First, it was President George W. Bush, not Obama, who negotiated the Status of Forces Agreement that set the timetable for a 2011 withdrawal of U.S. soldiers. As for former Florida Gov. Jeb Bush's (R) belief that Obama "refused" a plan to leave 10,000 Americans in Iraq, that is rated "mostly false" according to Politifact.com. While Obama has been accused of not taking negotiations for a new agreement seriously, the leader of Nouri al-Maliki's bloc in the Iraqi parliament believed that American demands were "a nonstarter for most of the parties and MPs [members of parliament]" and that a new status of forces agreement would be "very difficult, if not impossible," as quoted in The Atlantic. Echoing this viewpoint, a TIME magazine article headlined "Iraq's Government, Not Obama, Called Time on the U.S. Troop Presence" notes that "ending the U.S. troop presence in Iraq was an overwhelmingly popular demand among Iraqis" and that "it was Iraqi democracy that put the kibosh on that goal."
<snip>
Finally, there was never a time, from 2003 until the present day, where Iraq was "won," and there has never been a year in Iraq since 2003 where the words "Mission Accomplished" could be uttered without hearing the sounds of suicide bombs or ambulance sirens. A recent study estimates that nearly 500,000 Iraqis have died during the war, while M.I.T. states that around 3.5 to 5 million have been displaced because of the conflict. Iraq Body Count estimates a total of 1,003 suicide bombings in Iraq from 2003 to 2010. The U.S. military can't stop people from deciding to blow themselves up, regardless of what is said by Republicans who blame Obama for Iraq's demise.

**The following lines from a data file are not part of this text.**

lemma tendsto_cw_rho_pos_right:
  fixes A B :: "real^'n^'m" and Bl :: "nat \<Rightarrow> real^'n^'m"
  assumes A: "nonneg_mat A" and B: "nonneg_mat B" and pos: "\<And>l. pos_mat (Bl l)"
    and lim: "Bl \<longlonglongrightarrow> B"
  shows "(\<lambda>l. cw_rho A (Bl l)) \<longlonglongrightarrow> cw_rho_hat A B"
  unfolding order_tendsto_iff
proof safe
  fix lo assume "lo < cw_rho_hat A B"
  with A B pos lim have "\<forall>\<^sub>F l in sequentially. lo < cw_rho_hat A (Bl l)"
    by (intro eventually_less_cw_rho_hat[where C="\<lambda>_. A"]) (auto intro: pos_mat_imp_nonneg_mat)
  then show "\<forall>\<^sub>F l in sequentially. lo < cw_rho A (Bl l)"
    by (rule eventually_mono) (meson cw_rho_hat_le_cw_rho less_le_trans)
next
  fix u assume "cw_rho_hat A B < u"
  then obtain x where x: "nonneg_vec x" "x \<noteq> 0" "cw_r A B x < u"
    unfolding cw_rho_hat_def by (auto simp: INF_less_iff)
  have "(\<lambda>l. Bl l *v x) \<longlonglongrightarrow> B *v x"
    using tendsto_matrix_vector_mult[OF lim tendsto_const] .
  then have ev: "\<forall>\<^sub>F l in sequentially. cw_r A (Bl l) x < u"
    using A B pos x
    by (intro eventually_cw_r_less[where C="\<lambda>_. A" and X="\<lambda>_. x"] tendsto_const)
       (auto intro: pos_mat_imp_nonneg_mat)
  have le: "cw_rho A (Bl l) \<le> cw_r A (Bl l) x" for l
    using A pos x by (intro cw_rho_le_cw_r_nonneg)
      (auto intro: pos_mat_imp_nonneg_mat pos_mat_mult_pos_vec)
  show "\<forall>\<^sub>F l in sequentially. cw_rho A (Bl l) < u"
    using ev by (rule eventually_mono) (rule le_less_trans[OF le])
qed

lemma tendsto_cw_rho_pos_left:
  fixes A B :: "real^'n^'m" and Al :: "nat \<Rightarrow> real^'n^'m"
  assumes A: "nonneg_mat A" and B: "nonneg_mat B" and pos: "\<And>l. pos_mat (Al l)"
    and lim: "Al \<longlonglongrightarrow> A" and rows: "\<And>i. \<exists>j. B $ i $ j \<noteq> 0"
  shows "(\<lambda>l. cw_rho (Al l) B) \<longlonglongrightarrow> cw_rho A B"
  unfolding order_tendsto_iff
proof safe
  fix lo assume "lo < cw_rho A B"
  then show "\<forall>\<^sub>F l in sequentially. lo < cw_rho (Al l) B"
    using eventually_less_cw_rho_left[OF _ A lim] pos pos_mat_imp_nonneg_mat by blast
next
  fix u assume "cw_rho A B < u"
  then obtain x where x: "pos_vec x" "cw_r A B x < u"
    unfolding cw_rho_def by (auto simp: INF_less_iff)
  have "\<exists>j. 0 < B $ i $ j \<and> 0 < x $ j" for i
  proof -
    obtain j where "B $ i $ j \<noteq> 0" using rows by blast
    then show ?thesis
      using B x(1) by (intro exI[of _ j]) (auto simp: nonneg_mat_def pos_vec_def order_le_neq_trans)
  qed
  then have "pos_vec (B *v x)"
    using B x(1) by (intro pos_vec_matrix_vector_mult) (auto simp: pos_vec_imp_nonneg_vec)
  then have "(\<lambda>l. cw_r (Al l) B x) \<longlonglongrightarrow> cw_r A B x"
    using A B pos x(1)
    by (intro tendsto_cw_r[where D="\<lambda>_. B" and X="\<lambda>_. x"]
        tendsto_matrix_vector_mult[OF lim tendsto_const] tendsto_const)
       (auto intro: pos_mat_imp_nonneg_mat pos_vec_imp_nonneg_vec)
  from order_tendstoD(2)[OF this x(2)] show "\<forall>\<^sub>F l in sequentially. cw_rho (Al l) B < u"
    by (rule eventually_mono) (meson cw_rho_le_cw_r x(1) le_less_trans)
qed

theorem lemma2p5:
  fixes A B :: "real^'n^'m"
  assumes "nonneg_mat A" and "nonneg_mat B"
  shows "cw_rho_hat A B \<le> cw_rho A B
    \<and> (\<forall>y. weakly_optimal A B y \<and> (pos_vec (A *v y) \<or> pos_vec (B *v y)) \<longrightarrow>
           cw_rho A B = cw_rho_hat A B \<and> optimal A B y)
    \<and> (pos_mat A \<or> pos_mat B \<longrightarrow>
           cw_rho A B = cw_rho_hat A B \<and> (\<forall>y. weakly_optimal A B y \<longrightarrow> optimal A B y))
    \<and> (\<forall>Bl :: nat \<Rightarrow> real^'n^'m. (\<forall>l. pos_mat (Bl l)) \<and> Bl \<longlonglongrightarrow> B \<longrightarrow>
           (\<lambda>l. cw_rho A (Bl l)) \<longlonglongrightarrow> cw_rho_hat A B)
    \<and> (\<forall>Al :: nat \<Rightarrow> real^'n^'m. (\<forall>l. pos_mat (Al l)) \<and> Al \<longlonglongrightarrow> A \<and>
           (\<forall>i. \<exists>j. B $ i $ j \<noteq> 0) \<longrightarrow>
           (\<lambda>l. cw_rho (Al l) B) \<longlonglongrightarrow> cw_rho A B)"
  using cw_rho_hat_le_cw_rho[of A B]
    weakly_optimal_imp_optimal[OF assms]
    pos_mat_imp_cw_rho_eq_cw_rho_hat[OF assms]
    tendsto_cw_rho_pos_right[OF assms] tendsto_cw_rho_pos_left[OF assms]
  by blast

end
text \<open>Expand \<open>F\<close> in the chart centred at \<open>R1 \<times> Q l\<close>: by \<open>chart_ideal_pow_pt_ideal\<close>, the
  coordinates of \<open>X\<^sup>k Y\<^sup>\<beta>\<close> vanish for \<open>k + \<beta> < mult l\<close>.\<close>

lemma coeff_affine_chart_dvd_lin_poly_power:
  assumes F: "F \<in> IZ" "F \<in> bihom i j" and l: "l < s" and nonzero: "coeff (affine_chart F) k \<noteq> 0"
  shows "\<exists>r. coeff (affine_chart F) k = lin_poly (Q l) ^ (mult l - k) * r \<and> degree r + (mult l - k) \<le> j"
proof -
  have k: "k \<le> i"
    using coeff_affine_chart_eq_0[OF F(2)] nonzero by (meson not_le)
  obtain c where Fc: "F = (\<Sum>t\<in>grid i j. scale4 (c t) (chart_basis R1 (Q l) i j t))"
    using bihom_chart_coords[OF R1_nonzero Q_nonzero[OF l] F(2)] by blast
  let ?form = "\<lambda>j c. \<Sum>\<beta>\<le>j. smult (c \<beta>) (lin_poly (Q l) ^ \<beta> * lin_poly_compl (Q l) ^ (j - \<beta>))"
  have coeff: "coeff (affine_chart F) k = ?form j (\<lambda>\<beta>. c (k, \<beta>))"
    using coeff_affine_chart_chart_coords[OF Fc, of k] k by simp
  have "chart R1 (Q l) F \<in> origin_ideal_pow (mult l)"
    using F(1) l unfolding IZ_def fat_ideal_def
    by (intro chart_ideal_pow_pt_ideal R1_nonzero Q_nonzero) auto
  then have c0: "c (k, \<beta>) = 0" if "\<beta> < mult l - k" "\<beta> \<le> j" for \<beta>
    using that k coeff_coeff_chart_eq_coord[OF R1_nonzero Q_nonzero[OF l] Fc, of k \<beta>]
    by (auto simp: origin_ideal_pow_def grid_def)
  have "mult l - k \<le> j"
  proof (rule ccontr)
    assume "\<not> mult l - k \<le> j"
    then have "coeff (affine_chart F) k = 0"
      unfolding coeff using c0 by simp
    then show False
      using nonzero by contradiction
  qed
  define r where "r = ?form (j - (mult l - k)) (\<lambda>\<beta>. c (k, \<beta> + (mult l - k)))"
  have "coeff (affine_chart F) k = lin_poly (Q l) ^ (mult l - k) * r"
    unfolding coeff r_def
    by (rule binary_form_factor_power) (use c0 \<open>mult l - k \<le> j\<close> in auto)
  moreover have "degree r \<le> j - (mult l - k)"
    unfolding r_def by (rule degree_binary_form_le[OF degree_lin_poly_le degree_lin_poly_compl_le])
  then have "degree r + (mult l - k) \<le> j"
    using \<open>mult l - k \<le> j\<close> by linarith
  ultimately show ?thesis
    by blast
qed
lemma sum_filter_lessThan:
  fixes n :: nat
  shows "(\<Sum>j | j < n \<and> P j. g j) = (\<Sum>j<n. if P j then g j else 0)"
  using sum.inter_filter[OF finite_lessThan, where g = g and P = P] by simp

lemma sum_group_by_level:
  fixes f x :: "nat \<Rightarrow> real"
  assumes "\<And>j. j < n \<Longrightarrow> \<delta> j \<le> D"
  shows "(\<Sum>d\<le>D. f d * (\<Sum>j | j < n \<and> \<delta> j = d. x j)) = (\<Sum>j<n. f (\<delta> j) * x j)"
proof -
  have "(\<Sum>d\<le>D. f d * (\<Sum>j | j < n \<and> \<delta> j = d. x j))
      = (\<Sum>d\<le>D. \<Sum>j | j \<in> {..<n} \<and> \<delta> j = d. f (\<delta> j) * x j)"
    by (simp add: sum_distrib_left)
  also have "\<dots> = (\<Sum>j<n. f (\<delta> j) * x j)"
    using assms by (intro sum.group) auto
  finally show ?thesis .
qed

datatype 'k gate = GInput nat | GCoeff nat | GConst real | GAdd 'k 'k | GSub 'k 'k | GMul 'k 'k

fun gate_args :: "'k gate \<Rightarrow> 'k set" where
  "gate_args (GAdd a b) = {a, b}"
| "gate_args (GSub a b) = {a, b}"
| "gate_args (GMul a b) = {a, b}"
| "gate_args _ = {}"

fun gate_eval :: "(nat \<Rightarrow> real) \<Rightarrow> (nat \<Rightarrow> real) \<Rightarrow> ('k \<Rightarrow> real) \<Rightarrow> 'k gate \<Rightarrow> real" where
  "gate_eval f x val (GInput i) = x i"
| "gate_eval f x val (GCoeff k) = f k"
| "gate_eval f x val (GConst c) = c"
| "gate_eval f x val (GAdd a b) = val a + val b"
| "gate_eval f x val (GSub a b) = val a - val b"
| "gate_eval f x val (GMul a b) = val a * val b"

fun gate_instr :: "('k \<Rightarrow> nat) \<Rightarrow> 'k gate \<Rightarrow> instr" where
  "gate_instr pos (GInput i) = LoadX i"
| "gate_instr pos (GCoeff k) = LoadF k"
| "gate_instr pos (GConst c) = Const c"
| "gate_instr pos (GAdd a b) = Add (pos a) (pos b)"
| "gate_instr pos (GSub a b) = Sub (pos a) (pos b)"
| "gate_instr pos (GMul a b) = Mul (pos a) (pos b)"

lemma instr_ok_gate_instr: "(\<And>a. a \<in> gate_args G \<Longrightarrow> pos a < n) \<Longrightarrow> instr_ok n (gate_instr pos G)"
  by (cases G) auto

lemma step_gate_instr:
  assumes "\<And>a. a \<in> gate_args G \<Longrightarrow> rs ! pos a = val a"
  shows "step f x rs (gate_instr pos G) = rs @ [gate_eval f x val G]"
  using assms by (cases G) auto

definition compile_gates :: "('k \<Rightarrow> nat) \<Rightarrow> ('k \<Rightarrow> 'k gate) \<Rightarrow> 'k list \<Rightarrow> instr list" where
  "compile_gates pos g ks = map (gate_instr pos \<circ> g) ks"

definition topologically_sorted :: "('k \<Rightarrow> 'k gate) \<Rightarrow> 'k list \<Rightarrow> bool" where
  "topologically_sorted g ks \<longleftrightarrow> (\<forall>i<length ks. gate_args (g (ks ! i)) \<subseteq> set (take i ks))"

lemma wf_prog_compile_gates:
  assumes "topologically_sorted g ks" and "\<And>i. i < length ks \<Longrightarrow> pos (ks ! i) = i"
  shows "wf_prog (compile_gates pos g ks)"
  unfolding wf_prog_def compile_gates_def
proof (intro allI impI)
  fix i assume i: "i < length (map (gate_instr pos \<circ> g) ks)"
  have "pos a < i" if "a \<in> gate_args (g (ks ! i))" for a
  proof -
    have "a \<in> set (take i ks)" using assms(1) i that by (auto simp: topologically_sorted_def)
    then obtain j where "j < i" "j < length ks" "a = ks ! j" by (auto simp: in_set_conv_nth)
    then show ?thesis using assms(2) by simp
  qed
  then show "instr_ok i (map (gate_instr pos \<circ> g) ks ! i)"
    using i by (simp add: instr_ok_gate_instr)
qed

lemma exec_compile_gates:
  assumes "topologically_sorted g ks" and "\<And>i. i < length ks \<Longrightarrow> pos (ks ! i) = i"
    and "\<And>k. k \<in> set ks \<Longrightarrow> val k = gate_eval f x val (g k)"
  shows "exec f x (compile_gates pos g ks) = map val ks"
  using assms
proof (induction ks rule: rev_induct)
  case Nil
  show ?case by (simp add: exec_def compile_gates_def)
next
  case (snoc k ks)
  have sorted: "topologically_sorted g ks"
    unfolding topologically_sorted_def
  proof (intro allI impI)
    fix i assume "i < length ks"
    then show "gate_args (g (ks ! i)) \<subseteq> set (take i ks)"
      using snoc.prems(1)[unfolded topologically_sorted_def, rule_format, of i]
      by (simp add: nth_append)
  qed
  have pos: "pos (ks ! i) = i" if "i < length ks" for i
    using snoc.prems(2)[of i] that by (simp add: nth_append)
  have IH: "exec f x (compile_gates pos g ks) = map val ks"
    using snoc by (simp add: sorted pos)
  have args: "gate_args (g k) \<subseteq> set ks"
    using snoc.prems(1)[unfolded topologically_sorted_def, rule_format, of "length ks"] by simp
  have "map val ks ! pos a = val a" if a: "a \<in> gate_args (g k)" for a
  proof -
    obtain j where "j < length ks" "a = ks ! j"
      using args a by (metis in_set_conv_nth subsetD)
    then show ?thesis using pos by simp
  qed
  then have "step f x (map val ks) (gate_instr pos (g k)) = map val ks @ [val k]"
    using snoc.prems(3)[of k] by (simp add: step_gate_instr)
  then show ?case
    using IH by (simp add: compile_gates_def exec_def)
qed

Even with 10,000 American soldiers, which the Iraqis refused to allow in 2011, there would still have been rampant political corruption, suicide bombings, Iranian backed-Shiite militias and Saudi-backed Sunni tribes, and also the emergence of ISIS (a rebranding of al Qaeda, since ISIS used to be al Qaeda in Iraq) in Syria. Obama isn't perfect, but the demise of Iraq began the moment Bush decided upon regime change, not in 2011 with Obama's decision to bring our soldiers home. The fact that Iraq's Shiite-dominated security forces showed "no will to fight" in the words of Secretary Ash Carter a Sunni terror group named ISIS in Ramadi highlights the reality that Iraq's ethnic divisions always doomed a functioning state.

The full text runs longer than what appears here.